京都府舞鶴市は、10月7日を「舞鶴引き揚げの日」とする条例を制定した。
京都府北部の日本海に面し、終戦直後から13年間にわたり、市を挙げて約66万人の引揚者を迎え入れてきた“引き揚げのまち”の舞鶴市(市長:多々見良三)は、引き揚げの史実と世界の恒久平和の継承をまちの使命と位置付け、引き揚げ第1船が舞鶴港に入港した10月7日を「舞鶴引き揚げの日」とする条例を制定しました。
このたび、戦争を知らない若い世代にも関心を寄せていただくため、国内外に発信する際に活用する「舞鶴引き揚げの日」のロゴマークを全国から募集中です。応募の締め切りは本年2月8日(金)必着。採用された作品は「舞鶴引き揚げの日」の取り組みをPRするパンフレットやホームページなどで広く活用していきます。
《「舞鶴引き揚げの日」条例制定の背景》
舞鶴市は、昭和20(1945)年10月7日、引揚船「雲仙丸」が入港して以来、昭和33(1958)年に最後の引揚船が入港するまでの13年間にわたり、当時国内で唯一の引揚港となっていた舞鶴港に海外からの引揚者約66万人と遺骨1万6,000柱を、市をあげて迎え入れました。
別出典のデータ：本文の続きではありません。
(* Let $f:\mathbb{R}^d\to\mathbb{R}$ be convex and differentiable with $L$-Lipschitz gradient ($L>0$), let $h:\mathbb{R}^d\to\mathbb{R}\cup\{+\infty\}$ be proper, closed and convex, let $F=f+h$, and assume $F$ has bounded level sets and a minimizer $x^*$. (a) For every $x\in\mathbb{R}^d$, the value $\lambda=1/(3L)$ satisfies the linesearch condition $\mathrm{(LS)}(x,\lambda)$. (b) Let $x_0\in\mathbb{R}^d$ and define iteratively $x_{k+1}=x_k-\lambda_k G^{f}_{\lambda_k h}(x_k)$, where $\lambda_k=\max\{\lambda>0:\ \mathrm{(LS)}(x_k,\lambda)\text{ holds}\}$ (assumed to be attained). Then $\lambda_k\ge 1/(3L)$ for all $k$, and there is a constant $D$ depending only on $x_0$, $x^*$ and $L$ such that $F(x_k)-F(x^* )\le D/k$ for all $k\ge1$.
   Context: $\mathbb{R}^d$ carries the standard inner product $\langle\cdot,\cdot\rangle$ and Euclidean norm $\|\cdot\|$. For $\lambda>0$ the proximal operator is $\mathrm{prox}_{\lambda h}(w)=\arg\min_{u\in\mathbb{R}^d}\big\{\lambda h(u)+\tfrac12\|u-w\|^2\big\}$. The gradient mapping is $G^{f}_{\lambda h}(x)=\frac{1}{\lambda}\Big(x-\mathrm{prox}_{\lambda h}\big(x-\lambda\nabla f(x)\big)\Big)$. For $x\in\mathbb{R}^d$ and $\lambda>0$, the linesearch condition $\mathrm{(LS)}(x,\lambda)$ is: with $G=G^{f}_{\lambda h}(x)$, $f(x-2\lambda G)\le f(x-\lambda G)-\lambda\langle G,\nabla f(x)\rangle+\tfrac{\lambda}{2}\|G\|^2$. *)

theory Defs
  imports "HOL-Analysis.Analysis"
begin

definition proper_fun :: "('a \<Rightarrow> ereal) \<Rightarrow> bool" where
  "proper_fun h \<longleftrightarrow> (\<exists>x. h x < \<infinity>) \<and> (\<forall>x. h x \<noteq> -\<infinity>)"

definition epigraph :: "('a \<Rightarrow> ereal) \<Rightarrow> ('a \<times> real) set" where
  "epigraph h = {(x, t). h x \<le> ereal t}"

definition closed_fun :: "('a::topological_space \<Rightarrow> ereal) \<Rightarrow> bool" where
  "closed_fun h \<longleftrightarrow> closed (epigraph h)"

definition convex_fun :: "('a::real_vector \<Rightarrow> ereal) \<Rightarrow> bool" where
  "convex_fun h \<longleftrightarrow> convex (epigraph h)"

text \<open>prox_{lam h}(w) = argmin_u { lam h(u) + 1/2 |u - w|^2 }
  (unique for proper closed convex h and lam > 0).\<close>

definition prox :: "real \<Rightarrow> ('a::real_normed_vector \<Rightarrow> ereal) \<Rightarrow> 'a \<Rightarrow> 'a" where
  "prox lam h w = (SOME u. \<forall>v. ereal lam * h u + ereal ((norm (u - w))\<^sup>2 / 2)
                               \<le> ereal lam * h v + ereal ((norm (v - w))\<^sup>2 / 2))"

definition grad_map :: "('a::real_normed_vector \<Rightarrow> 'a) \<Rightarrow> real \<Rightarrow> ('a \<Rightarrow> ereal) \<Rightarrow> 'a \<Rightarrow> 'a" where
  "grad_map gradf lam h x = (1 / lam) *\<^sub>R (x - prox lam h (x - lam *\<^sub>R gradf x))"

definition LS :: "('a::real_inner \<Rightarrow> real) \<Rightarrow> ('a \<Rightarrow> 'a) \<Rightarrow> ('a \<Rightarrow> ereal) \<Rightarrow> 'a \<Rightarrow> real \<Rightarrow> bool" where
  "LS f gradf h x lam \<longleftrightarrow>
     (let G = grad_map gradf lam h x in
       f (x - (2 * lam) *\<^sub>R G) \<le> f (x - lam *\<^sub>R G) - lam * inner G (gradf x) + lam / 2 * (norm G)\<^sup>2)"

definition setting :: "('a::euclidean_space \<Rightarrow> real) \<Rightarrow> ('a \<Rightarrow> 'a) \<Rightarrow> ('a \<Rightarrow> ereal) \<Rightarrow> real \<Rightarrow> 'a \<Rightarrow> bool" where
  "setting f gradf h L xs \<longleftrightarrow>
     convex_on UNIV f \<and>
     (\<forall>x. (f has_derivative (\<lambda>v. inner (gradf x) v)) (at x)) \<and>
     (\<forall>x y. norm (gradf x - gradf y) \<le> L * norm (x - y)) \<and>
     proper_fun h \<and> closed_fun h \<and> convex_fun h \<and>
     (\<forall>c::real. bounded {x. ereal (f x) + h x \<le> ereal c}) \<and>
     (\<forall>x. ereal (f xs) + h xs \<le> ereal (f x) + h x)"

definition ls_iterates :: "('a::euclidean_space \<Rightarrow> real) \<Rightarrow> ('a \<Rightarrow> 'a) \<Rightarrow> ('a \<Rightarrow> ereal) \<Rightarrow> 'a
     \<Rightarrow> (nat \<Rightarrow> 'a) \<Rightarrow> (nat \<Rightarrow> real) \<Rightarrow> bool" where
  "ls_iterates f gradf h x0 x lam \<longleftrightarrow>
     x 0 = x0 \<and>
     (\<forall>k. lam k > 0 \<and> LS f gradf h (x k) (lam k) \<and>
          (\<forall>\<mu>>0. LS f gradf h (x k) \<mu> \<longrightarrow> \<mu> \<le> lam k)) \<and>
     (\<forall>k. x (Suc k) = x k - lam k *\<^sub>R grad_map gradf (lam k) h (x k))"

end

theory Submission
  imports Defs
begin

text \<open>
  For \<open>\<lambda> = 1/(3L)\<close>, the descent lemma at \<open>y = x - \<lambda>G\<close>, together with the Lipschitz bound
  \<open>\<langle>\<nabla>f x - \<nabla>f y, G\<rangle> \<le> L\<lambda>\<parallel>G\<parallel>\<^sup>2\<close>, gives (LS) with excess \<open>3L\<lambda>\<^sup>2/2 \<parallel>G\<parallel>\<^sup>2 = \<lambda>/2 \<parallel>G\<parallel>\<^sup>2\<close>;
  maximality of \<open>\<lambda>\<^sub>k\<close> then forces \<open>\<lambda>\<^sub>k \<ge> 1/(3L)\<close>.
  Since \<open>x - \<lambda>G\<close> is the midpoint of \<open>x\<close> and \<open>x - 2\<lambda>G\<close>, convexity of \<open>f\<close> turns (LS) into the
  sufficient-decrease inequality \<open>f(x\<^sup>+) \<le> f x + \<langle>\<nabla>f x, x\<^sup>+ - x\<rangle> + \<parallel>x\<^sup>+ - x\<parallel>\<^sup>2/(2\<lambda>)\<close>, which
  is all the classical proximal-gradient three-point inequality needs. Telescoping that
  inequality against \<open>x\<^sup>*\<close> gives \<open>F(x\<^sub>k) - F(x\<^sup>*) \<le> 3L\<parallel>x\<^sub>0 - x\<^sup>*\<parallel>\<^sup>2/(2k)\<close>.
\<close>

section \<open>Smooth convex functions\<close>

lemma has_real_derivative_along_line:
  fixes f :: "'a::real_inner \<Rightarrow> real"
  assumes "\<And>x. (f has_derivative (\<lambda>v. inner (g x) v)) (at x)"
  shows "((\<lambda>t. f (y + t *\<^sub>R v)) has_real_derivative inner (g (y + t *\<^sub>R v)) v) (at t)"
proof -
  have "((\<lambda>t. y + t *\<^sub>R v) has_derivative (\<lambda>s. s *\<^sub>R v)) (at t)"
    by (auto intro!: derivative_eq_intros)
  from has_derivative_compose[OF this assms]
  have "((\<lambda>t. f (y + t *\<^sub>R v)) has_derivative (\<lambda>s. inner (g (y + t *\<^sub>R v)) (s *\<^sub>R v))) (at t)" .
  moreover have "(\<lambda>s. inner (g (y + t *\<^sub>R v)) (s *\<^sub>R v)) = (*) (inner (g (y + t *\<^sub>R v)) v)"
    by (auto simp: fun_eq_iff)
  ultimately show ?thesis unfolding has_field_derivative_def by simp
qed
当時の舞鶴市民は、終戦直後で食糧も物資もなく自分たちの生活もままならない時に、引揚者をお茶やふかし芋で振る舞い、港で熱烈歓迎するなど、市民にとって真心からお迎えした記憶は、現在も子供たちに伝えたい「まちの歴史」です。
その後、昭和63(1988)年に引揚体験者の熱望により、祖国への帰国の第1歩を踏みしめた舞鶴港を見下ろす丘に「舞鶴引揚記念館」を開館しました。以来30年間にわたり、引揚体験者や舞鶴市民等と共に、引き揚げやシベリア抑留の史実を継承するとともに、平和の尊さを国内外に発信し続けてきました。
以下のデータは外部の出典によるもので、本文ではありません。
lemma entropy_le_pair_majorant_add:
  assumes "c > 0" "u > 0" "v > 0"
  shows "- (u + v) * ln (u + v) \<le> pair_majorant c u + pair_majorant c v"
proof -
  define f where "f x = pair_majorant c x + (x + v) * ln (x + v)" for x
  define u0 where "u0 = c\<^sup>2 / v"
  have "u0 > 0"
    using assms by (simp add: u0_def)
  have f_deriv: "(f has_real_derivative (ln (x + v) - ln (x + c\<^sup>2 / x))) (at x)" if "x > 0" for x
    unfolding f_def[abs_def] using that assms
    by (auto intro!: derivative_eq_intros pair_majorant_has_derivative)
  have v_le: "v \<le> c\<^sup>2 / x" if "x > 0" "x \<le> u0" for x
    using that assms by (simp add: u0_def field_simps)
  have le_v: "c\<^sup>2 / x \<le> v" if "u0 \<le> x" for x
  proof -
    have "x > 0"
      using that \<open>u0 > 0\<close> by simp
    with that assms show ?thesis
      by (simp add: u0_def field_simps)
  qed
  have "f u0 \<le> f u"
  proof (rule DERIV_sign_change_minimum[OF \<open>u0 > 0\<close> \<open>u > 0\<close> f_deriv])
    fix x
    show "x > 0 \<Longrightarrow> x \<le> u0 \<Longrightarrow> ln (x + v) - ln (x + c\<^sup>2 / x) \<le> 0"
      using v_le[of x] assms by (simp add: ln_mono)
    show "u0 \<le> x \<Longrightarrow> ln (x + v) - ln (x + c\<^sup>2 / x) \<ge> 0"
      using le_v[of x] assms \<open>u0 > 0\<close> by (simp add: ln_mono add_pos_nonneg)
  qed
  moreover have "f u0 = - pair_majorant c v"
    using pair_majorant_add_reciprocal[OF assms(1) \<open>u0 > 0\<close>] assms
    by (simp add: f_def u0_def algebra_simps)
  ultimately show ?thesis
    unfolding f_def by (simp add: algebra_simps)
qed
section \<open>Asymptotics in \<open>n\<close>\<close>

text \<open>For reals, \<open>Sup {}\<close> is an unspecified value, hence the second hypothesis.\<close>
lemma abs_SUP_le:
  fixes f :: "'a \<Rightarrow> real"
  assumes bound: "\<forall>x\<in>A. 0 \<le> f x \<and> f x \<le> b" and "\<bar>Sup {}\<bar> \<le> b"
  shows "\<bar>SUP x\<in>A. f x\<bar> \<le> b"
proof (cases "A = {}")
  case False
  then obtain x where x: "x \<in> A"
    by blast
  have "0 \<le> f x"
    using bound x by simp
  also have "f x \<le> (SUP x\<in>A. f x)"
    using bound x by (intro cSUP_upper bdd_aboveI2[where M = b]) auto
  finally have "0 \<le> (SUP x\<in>A. f x)" .
  moreover have "(SUP x\<in>A. f x) \<le> b"
    using bound False by (intro cSUP_least) auto
  ultimately show ?thesis
    by simp
qed (use assms(2) in simp)

lemma SUP_in_bigo_cube:
  fixes f :: "nat \<Rightarrow> real \<Rightarrow> real" and c :: "nat \<Rightarrow> real" and I :: "nat \<Rightarrow> real set"
  assumes c: "filterlim c at_top sequentially" and B: "0 \<le> B"
    and bound: "\<forall>\<^sub>F n in sequentially. \<forall>\<mu>\<in>I n. 0 \<le> f n \<mu> \<and> f n \<mu> \<le> B * (c n)\<^sup>2"
  shows "(\<lambda>n. SUP \<mu>\<in>I n. f n \<mu>) \<in> O(\<lambda>n. (c n) ^ 3 + ln (real n))"
proof (rule bigoI[where c = "B + 1"])
  have "\<forall>\<^sub>F n in sequentially. max 1 \<bar>Sup ({}::real set)\<bar> \<le> c n"
    using c unfolding filterlim_at_top by blast
  then show "\<forall>\<^sub>F n in sequentially. norm (SUP \<mu>\<in>I n. f n \<mu>) \<le> (B + 1) * norm ((c n) ^ 3 + ln (real n))"
    using bound eventually_ge_at_top[of "1::nat"]
  proof eventually_elim
    case (elim n)
    then have c1: "1 \<le> c n" and ln: "0 \<le> ln (real n)"
      by auto
    have c3: "(c n)\<^sup>2 \<le> (c n) ^ 3" "c n \<le> (c n) ^ 3"
      using c1 power_increasing[of 1 3 "c n"] power_increasing[of 2 3 "c n"] by auto
    have B_c: "B * (c n)\<^sup>2 \<le> (B + 1) * (c n) ^ 3"
      using B c3 by (intro mult_mono) auto
    have "1 * (c n) ^ 3 \<le> (B + 1) * (c n) ^ 3"
      using B c1 by (intro mult_right_mono) auto
    then have "c n \<le> (B + 1) * (c n) ^ 3"
      using c3 by linarith
    then have Sup_c: "\<bar>Sup ({}::real set)\<bar> \<le> (B + 1) * (c n) ^ 3"
      using elim(1) by linarith
    have "\<bar>SUP \<mu>\<in>I n. f n \<mu>\<bar> \<le> (B + 1) * (c n) ^ 3"
      using elim(2) B_c Sup_c by (intro abs_SUP_le) (auto dest: order_trans)
    also have "\<dots> \<le> (B + 1) * norm ((c n) ^ 3 + ln (real n))"
      using B c1 ln by (intro mult_left_mono) auto
    finally show ?case
      by simp
  qed
qed

lemma nn_integral_weighted_tendsto_0:
  fixes g :: "real \<Rightarrow> real" and f :: "nat \<Rightarrow> real \<Rightarrow> real" and a c d :: "nat \<Rightarrow> real"
  assumes \<beta>: "0 < \<beta>" and \<omega>: "0 < \<omega>" and d: "\<forall>n. d n = real n powr (- \<omega>)"
    and g: "g \<in> O[at_right 0](\<lambda>\<mu>. \<mu> powr (\<beta> - 1))"
    and c: "c \<in> o(\<lambda>n. real n powr (\<omega> * \<beta> / 2))"
    and B: "0 \<le> B"
    and a: "\<forall>\<^sub>F n in sequentially. 0 < a n"
    and bound: "\<forall>\<^sub>F n in sequentially. \<forall>\<mu>\<in>{a n..d n}. 0 \<le> f n \<mu> \<and> f n \<mu> \<le> B * (c n)\<^sup>2"
  shows "((\<lambda>n. \<integral>\<^sup>+\<mu>. ennreal (indicator {a n..d n} \<mu> * g \<mu> * f n \<mu>) \<partial>lborel) \<longlongrightarrow> 0) sequentially"
proof -
  obtain G where G: "0 < G" and "\<forall>\<^sub>F \<mu> in at_right 0. norm (g \<mu>) \<le> G * norm (\<mu> powr (\<beta> - 1))"
    using g by (auto elim: landau_o.bigE)
  then obtain \<xi> where \<xi>: "0 < \<xi>" and g_le: "\<And>\<mu>. 0 < \<mu> \<Longrightarrow> \<mu> < \<xi> \<Longrightarrow> \<bar>g \<mu>\<bar> \<le> G * \<mu> powr (\<beta> - 1)"
    unfolding eventually_at_right_field by auto
  have "(\<lambda>n. real n powr (- \<omega>)) \<longlonglongrightarrow> 0"
    using \<omega> by (intro tendsto_neg_powr filterlim_real_sequentially) simp
  then have d_small: "\<forall>\<^sub>F n in sequentially. d n < \<xi>"
    using \<xi> d by (simp add: order_tendstoD(2))
  define u where "u n = G * B / \<beta> * (c n / real n powr (\<omega> * \<beta> / 2))\<^sup>2" for n
  have "(\<lambda>n. (c n / real n powr (\<omega> * \<beta> / 2))\<^sup>2) \<longlonglongrightarrow> 0"
    using tendsto_power[OF smalloD_tendsto[OF c], of 2] by simp
  then have u_lim: "u \<longlonglongrightarrow> 0"
    unfolding u_def by (rule tendsto_mult_right_zero)
  have le_u: "\<forall>\<^sub>F n in sequentially.
      (\<integral>\<^sup>+\<mu>. ennreal (indicator {a n..d n} \<mu> * g \<mu> * f n \<mu>) \<partial>lborel) \<le> ennreal (u n)"
    using a bound d_small eventually_gt_at_top[of "0::nat"]
  proof eventually_elim
    case (elim n)
    have "g \<mu> * f n \<mu> \<le> G * B * (c n)\<^sup>2 * \<mu> powr (\<beta> - 1)" if "\<mu> \<in> {a n..d n}" for \<mu>
    proof -
      have \<mu>: "0 < \<mu>" "\<mu> < \<xi>" and f: "0 \<le> f n \<mu>" "f n \<mu> \<le> B * (c n)\<^sup>2"
        using that elim by auto
      have "g \<mu> * f n \<mu> \<le> \<bar>g \<mu>\<bar> * f n \<mu>"
        using f by (intro mult_right_mono) auto
      also have "\<dots> \<le> (G * \<mu> powr (\<beta> - 1)) * (B * (c n)\<^sup>2)"
        using g_le[OF \<mu>] f by (intro mult_mono) auto
      finally show ?thesis
        by (simp add: mult_ac)
    qed
    then have "(\<integral>\<^sup>+\<mu>. ennreal (indicator {a n..d n} \<mu> * g \<mu> * f n \<mu>) \<partial>lborel)
        \<le> ennreal (G * B * (c n)\<^sup>2 * (d n powr \<beta> / \<beta>))"
      unfolding mult.assoc[of "indicator _ _"] using \<beta> elim G B
      by (intro nn_integral_Icc_le_powr) auto
    also have "G * B * (c n)\<^sup>2 * (d n powr \<beta> / \<beta>) = u n"
    proof -
      have "d n powr \<beta> = real n powr (- (\<omega> * \<beta>))"
        unfolding d[rule_format] powr_powr by simp
      then have d_powr: "d n powr \<beta> = 1 / real n powr (\<omega> * \<beta>)"
        by (simp add: powr_minus_divide)
      have n_powr: "(real n powr (\<omega> * \<beta> / 2))\<^sup>2 = real n powr (\<omega> * \<beta>)"
        by (simp add: power2_eq_square powr_add[symmetric] mult.commute)
      show ?thesis
        unfolding u_def power_divide d_powr n_powr by simp
    qed
    finally show ?case .
  qed
  have "((\<lambda>n. ennreal (u n)) \<longlongrightarrow> 0) sequentially"
    using tendsto_ennrealI[OF u_lim] by simp
  then show ?thesis
    by (intro tendsto_sandwich[OF _ le_u tendsto_const]) simp
qed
平成20年代になると、戦争を知らない世代が増加し、引き揚げ等の史実の風化が全国的に進むなか、来館者の減少傾向が顕著になり、記念館の存続が危ぶまれるまでになりました。市は平成22(2010)年から2年間をかけて、引揚者、有識者、市民等多くの声を聴き検討を重ねた結果、舞鶴引揚記念館の存続と再生を決断。
まずは、平成24(2012)年に館の運営を指定管理者制度から市の直営化とし、「民から官へ」の再生プロジェクトをスタートさせました。
市は、引揚者を迎えた舞鶴市の歴史と引き揚げの史実を次世代に継承し、平和の尊さを国内外に発信し続けるための取り組みを、平成25(2013)年から進めました。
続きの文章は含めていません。